◆ **WHAT IS BEING ASKED**:
Among the lines below, list those containing the string "open".

◆ **PROVIDED DATA**:
########################################

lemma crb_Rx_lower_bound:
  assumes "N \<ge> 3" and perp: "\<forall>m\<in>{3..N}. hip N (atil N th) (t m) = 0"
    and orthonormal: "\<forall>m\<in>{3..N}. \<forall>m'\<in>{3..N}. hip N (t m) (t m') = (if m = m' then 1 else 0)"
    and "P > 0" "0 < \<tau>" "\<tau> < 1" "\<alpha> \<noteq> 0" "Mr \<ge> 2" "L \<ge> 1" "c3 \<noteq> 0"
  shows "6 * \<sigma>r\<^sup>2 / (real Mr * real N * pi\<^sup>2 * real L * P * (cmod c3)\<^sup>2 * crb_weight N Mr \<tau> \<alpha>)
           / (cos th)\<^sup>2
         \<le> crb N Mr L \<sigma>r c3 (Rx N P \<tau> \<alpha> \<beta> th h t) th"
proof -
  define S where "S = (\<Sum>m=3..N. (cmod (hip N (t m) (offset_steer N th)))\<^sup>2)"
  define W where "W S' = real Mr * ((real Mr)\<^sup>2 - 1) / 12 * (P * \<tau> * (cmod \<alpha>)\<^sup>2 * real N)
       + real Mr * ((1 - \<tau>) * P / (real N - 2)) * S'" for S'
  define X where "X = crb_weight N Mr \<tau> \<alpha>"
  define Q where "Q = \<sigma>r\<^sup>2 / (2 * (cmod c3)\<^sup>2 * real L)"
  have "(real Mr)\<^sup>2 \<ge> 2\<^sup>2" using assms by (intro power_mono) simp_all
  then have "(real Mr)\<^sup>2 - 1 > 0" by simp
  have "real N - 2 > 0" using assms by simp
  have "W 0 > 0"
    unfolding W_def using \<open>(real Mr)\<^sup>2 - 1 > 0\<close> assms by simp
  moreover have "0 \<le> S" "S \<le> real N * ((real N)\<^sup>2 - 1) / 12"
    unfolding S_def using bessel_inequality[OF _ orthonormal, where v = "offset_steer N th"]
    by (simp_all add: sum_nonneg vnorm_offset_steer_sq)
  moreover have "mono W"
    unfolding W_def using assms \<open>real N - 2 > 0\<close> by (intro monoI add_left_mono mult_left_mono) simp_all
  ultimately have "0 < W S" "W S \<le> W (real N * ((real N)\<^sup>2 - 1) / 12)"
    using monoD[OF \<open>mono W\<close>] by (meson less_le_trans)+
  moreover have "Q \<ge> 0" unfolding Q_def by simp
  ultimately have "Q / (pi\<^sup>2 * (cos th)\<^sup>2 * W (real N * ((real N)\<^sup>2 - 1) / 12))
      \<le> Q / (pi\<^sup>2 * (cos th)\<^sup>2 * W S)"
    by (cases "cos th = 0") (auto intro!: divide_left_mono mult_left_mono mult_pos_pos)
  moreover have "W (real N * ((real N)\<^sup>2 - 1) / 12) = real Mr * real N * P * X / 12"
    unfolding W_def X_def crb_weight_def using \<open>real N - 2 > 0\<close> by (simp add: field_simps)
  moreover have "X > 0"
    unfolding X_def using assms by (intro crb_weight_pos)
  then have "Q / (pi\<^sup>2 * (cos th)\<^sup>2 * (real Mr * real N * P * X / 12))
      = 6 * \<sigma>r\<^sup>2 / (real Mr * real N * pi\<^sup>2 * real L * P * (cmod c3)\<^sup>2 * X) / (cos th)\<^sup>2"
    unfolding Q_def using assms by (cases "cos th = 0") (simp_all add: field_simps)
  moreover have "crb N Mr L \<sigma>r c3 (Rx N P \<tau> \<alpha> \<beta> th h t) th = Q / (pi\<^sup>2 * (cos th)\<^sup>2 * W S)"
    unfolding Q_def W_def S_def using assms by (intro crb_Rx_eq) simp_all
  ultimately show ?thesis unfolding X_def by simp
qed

########################################

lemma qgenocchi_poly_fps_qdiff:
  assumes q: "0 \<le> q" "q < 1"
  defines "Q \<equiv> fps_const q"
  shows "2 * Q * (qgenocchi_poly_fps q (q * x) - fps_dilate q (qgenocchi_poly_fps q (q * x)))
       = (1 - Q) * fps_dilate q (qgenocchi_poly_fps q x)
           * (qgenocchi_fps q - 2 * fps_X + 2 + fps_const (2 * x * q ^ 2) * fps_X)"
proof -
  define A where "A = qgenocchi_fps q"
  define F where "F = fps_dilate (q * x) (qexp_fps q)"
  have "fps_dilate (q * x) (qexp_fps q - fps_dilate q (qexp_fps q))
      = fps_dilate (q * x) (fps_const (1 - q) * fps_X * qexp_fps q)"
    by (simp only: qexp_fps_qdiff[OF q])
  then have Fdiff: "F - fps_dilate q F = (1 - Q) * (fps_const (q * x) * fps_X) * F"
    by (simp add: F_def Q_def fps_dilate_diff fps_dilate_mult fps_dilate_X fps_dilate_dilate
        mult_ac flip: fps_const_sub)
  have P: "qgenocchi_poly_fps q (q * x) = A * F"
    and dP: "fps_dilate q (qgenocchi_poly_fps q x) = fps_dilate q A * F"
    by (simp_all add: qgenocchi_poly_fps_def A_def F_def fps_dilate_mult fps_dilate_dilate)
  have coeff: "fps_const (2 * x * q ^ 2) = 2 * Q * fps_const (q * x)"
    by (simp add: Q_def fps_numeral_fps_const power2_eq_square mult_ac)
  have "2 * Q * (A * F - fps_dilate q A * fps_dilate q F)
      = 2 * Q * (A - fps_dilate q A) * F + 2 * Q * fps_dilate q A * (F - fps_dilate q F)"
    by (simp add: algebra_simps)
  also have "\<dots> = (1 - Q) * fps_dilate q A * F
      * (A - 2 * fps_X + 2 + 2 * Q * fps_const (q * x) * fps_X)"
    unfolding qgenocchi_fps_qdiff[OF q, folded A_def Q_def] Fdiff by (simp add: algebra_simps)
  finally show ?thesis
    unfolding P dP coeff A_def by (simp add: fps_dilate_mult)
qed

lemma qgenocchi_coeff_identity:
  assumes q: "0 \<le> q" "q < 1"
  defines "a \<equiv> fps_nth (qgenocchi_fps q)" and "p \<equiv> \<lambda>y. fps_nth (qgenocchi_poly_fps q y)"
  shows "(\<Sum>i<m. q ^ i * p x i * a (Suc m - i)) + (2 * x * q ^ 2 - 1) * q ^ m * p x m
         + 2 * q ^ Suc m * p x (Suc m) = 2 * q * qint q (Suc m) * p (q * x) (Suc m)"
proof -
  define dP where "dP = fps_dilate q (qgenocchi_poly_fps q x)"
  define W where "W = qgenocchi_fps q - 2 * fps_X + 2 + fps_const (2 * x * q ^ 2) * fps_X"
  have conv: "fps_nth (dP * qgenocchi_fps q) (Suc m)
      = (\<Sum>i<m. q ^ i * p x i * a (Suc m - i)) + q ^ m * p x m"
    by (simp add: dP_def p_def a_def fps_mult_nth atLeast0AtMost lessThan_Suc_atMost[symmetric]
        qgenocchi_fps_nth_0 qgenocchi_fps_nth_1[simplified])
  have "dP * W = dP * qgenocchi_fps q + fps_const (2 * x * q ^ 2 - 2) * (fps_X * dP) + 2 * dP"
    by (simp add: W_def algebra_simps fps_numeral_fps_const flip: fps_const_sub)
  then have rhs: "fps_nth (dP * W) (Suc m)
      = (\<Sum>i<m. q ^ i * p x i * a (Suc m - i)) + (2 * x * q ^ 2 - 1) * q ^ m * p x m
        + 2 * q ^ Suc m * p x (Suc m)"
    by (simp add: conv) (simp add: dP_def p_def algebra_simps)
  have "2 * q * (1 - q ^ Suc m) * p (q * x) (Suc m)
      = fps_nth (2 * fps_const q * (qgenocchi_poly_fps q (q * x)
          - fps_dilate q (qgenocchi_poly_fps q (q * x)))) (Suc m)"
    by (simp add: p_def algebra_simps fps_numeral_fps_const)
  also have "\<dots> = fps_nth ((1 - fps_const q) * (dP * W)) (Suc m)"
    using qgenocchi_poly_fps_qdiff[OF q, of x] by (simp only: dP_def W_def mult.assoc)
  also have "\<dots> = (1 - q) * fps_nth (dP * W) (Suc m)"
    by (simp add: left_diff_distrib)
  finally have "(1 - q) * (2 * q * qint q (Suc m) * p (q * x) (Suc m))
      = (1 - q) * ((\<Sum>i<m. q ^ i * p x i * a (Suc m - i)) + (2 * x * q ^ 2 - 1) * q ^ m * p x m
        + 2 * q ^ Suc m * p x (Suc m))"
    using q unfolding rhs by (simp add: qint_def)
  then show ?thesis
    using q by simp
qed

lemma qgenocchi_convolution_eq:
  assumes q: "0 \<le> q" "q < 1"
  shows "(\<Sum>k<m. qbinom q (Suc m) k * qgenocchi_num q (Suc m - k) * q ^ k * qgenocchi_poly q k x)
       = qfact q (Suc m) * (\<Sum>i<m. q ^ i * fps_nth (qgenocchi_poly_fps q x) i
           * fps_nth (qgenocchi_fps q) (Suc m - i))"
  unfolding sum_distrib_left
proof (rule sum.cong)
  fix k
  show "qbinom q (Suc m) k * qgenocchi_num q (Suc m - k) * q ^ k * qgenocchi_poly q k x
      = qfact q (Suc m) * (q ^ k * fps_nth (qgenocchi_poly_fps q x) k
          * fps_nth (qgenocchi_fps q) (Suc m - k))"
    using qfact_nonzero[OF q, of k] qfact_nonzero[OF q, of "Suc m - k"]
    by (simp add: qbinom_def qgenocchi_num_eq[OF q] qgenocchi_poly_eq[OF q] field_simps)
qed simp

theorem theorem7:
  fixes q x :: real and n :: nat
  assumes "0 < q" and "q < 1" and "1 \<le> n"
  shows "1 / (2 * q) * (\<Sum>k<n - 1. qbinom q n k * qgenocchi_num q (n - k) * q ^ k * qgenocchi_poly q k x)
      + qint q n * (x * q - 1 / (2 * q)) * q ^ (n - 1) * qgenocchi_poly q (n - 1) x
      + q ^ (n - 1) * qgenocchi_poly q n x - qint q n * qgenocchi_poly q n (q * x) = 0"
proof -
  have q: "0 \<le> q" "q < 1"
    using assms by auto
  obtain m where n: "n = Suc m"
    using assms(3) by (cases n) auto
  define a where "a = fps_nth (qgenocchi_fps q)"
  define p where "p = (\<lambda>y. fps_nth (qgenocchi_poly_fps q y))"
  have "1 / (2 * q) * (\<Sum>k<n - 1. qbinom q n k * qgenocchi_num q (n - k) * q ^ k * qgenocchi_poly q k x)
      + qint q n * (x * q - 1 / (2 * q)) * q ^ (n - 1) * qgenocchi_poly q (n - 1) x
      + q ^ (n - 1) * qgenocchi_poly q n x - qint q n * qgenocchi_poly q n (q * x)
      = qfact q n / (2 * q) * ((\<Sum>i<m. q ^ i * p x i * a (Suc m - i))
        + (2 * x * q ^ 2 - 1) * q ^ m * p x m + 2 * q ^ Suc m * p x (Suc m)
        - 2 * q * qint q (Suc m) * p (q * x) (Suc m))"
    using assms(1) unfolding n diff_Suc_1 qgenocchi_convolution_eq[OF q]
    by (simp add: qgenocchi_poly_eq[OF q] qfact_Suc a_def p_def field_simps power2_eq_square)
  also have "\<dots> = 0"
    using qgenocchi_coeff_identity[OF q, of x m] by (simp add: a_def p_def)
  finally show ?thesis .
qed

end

########################################

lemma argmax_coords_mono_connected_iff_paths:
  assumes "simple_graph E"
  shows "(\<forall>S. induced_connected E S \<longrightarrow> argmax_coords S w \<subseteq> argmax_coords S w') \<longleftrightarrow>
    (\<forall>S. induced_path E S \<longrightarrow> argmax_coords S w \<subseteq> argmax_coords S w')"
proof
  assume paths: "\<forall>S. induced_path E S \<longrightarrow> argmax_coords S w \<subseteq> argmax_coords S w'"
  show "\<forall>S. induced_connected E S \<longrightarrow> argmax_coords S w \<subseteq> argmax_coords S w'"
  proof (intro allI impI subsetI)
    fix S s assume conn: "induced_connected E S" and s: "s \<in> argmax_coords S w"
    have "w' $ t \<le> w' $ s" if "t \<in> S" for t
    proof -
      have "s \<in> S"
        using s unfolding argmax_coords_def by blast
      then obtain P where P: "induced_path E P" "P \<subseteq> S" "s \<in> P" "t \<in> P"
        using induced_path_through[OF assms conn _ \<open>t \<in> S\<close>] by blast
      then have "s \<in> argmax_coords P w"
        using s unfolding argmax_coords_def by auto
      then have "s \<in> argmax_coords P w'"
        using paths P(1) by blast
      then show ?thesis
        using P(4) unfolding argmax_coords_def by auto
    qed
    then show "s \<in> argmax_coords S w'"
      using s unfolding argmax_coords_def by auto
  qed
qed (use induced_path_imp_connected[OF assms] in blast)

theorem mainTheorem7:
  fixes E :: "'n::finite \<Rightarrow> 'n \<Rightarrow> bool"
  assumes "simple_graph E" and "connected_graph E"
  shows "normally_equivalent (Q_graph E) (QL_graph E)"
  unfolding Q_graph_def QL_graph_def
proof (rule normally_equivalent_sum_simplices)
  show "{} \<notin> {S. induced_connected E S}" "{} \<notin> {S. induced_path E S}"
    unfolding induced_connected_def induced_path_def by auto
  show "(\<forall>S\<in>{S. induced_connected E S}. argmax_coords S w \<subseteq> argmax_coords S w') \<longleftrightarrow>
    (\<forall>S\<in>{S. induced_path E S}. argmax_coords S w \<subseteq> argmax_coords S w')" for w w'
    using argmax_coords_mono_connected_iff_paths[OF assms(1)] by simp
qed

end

########################################

◆ **EXERCISE RESULT**:
    unfolding W_def using \<open>(real Mr)\<^sup>2 - 1 > 0\<close> assms by simp
    unfolding W_def using assms \<open>real N - 2 > 0\<close> by (intro monoI add_left_mono mult_left_mono) simp_all
    using monoD[OF \<open>mono W\<close>] by (meson less_le_trans)+
    unfolding W_def X_def crb_weight_def using \<open>real N - 2 > 0\<close> by (simp add: field_simps)
        using induced_path_through[OF assms conn _ \<open>t \<in> S\<close>] by blast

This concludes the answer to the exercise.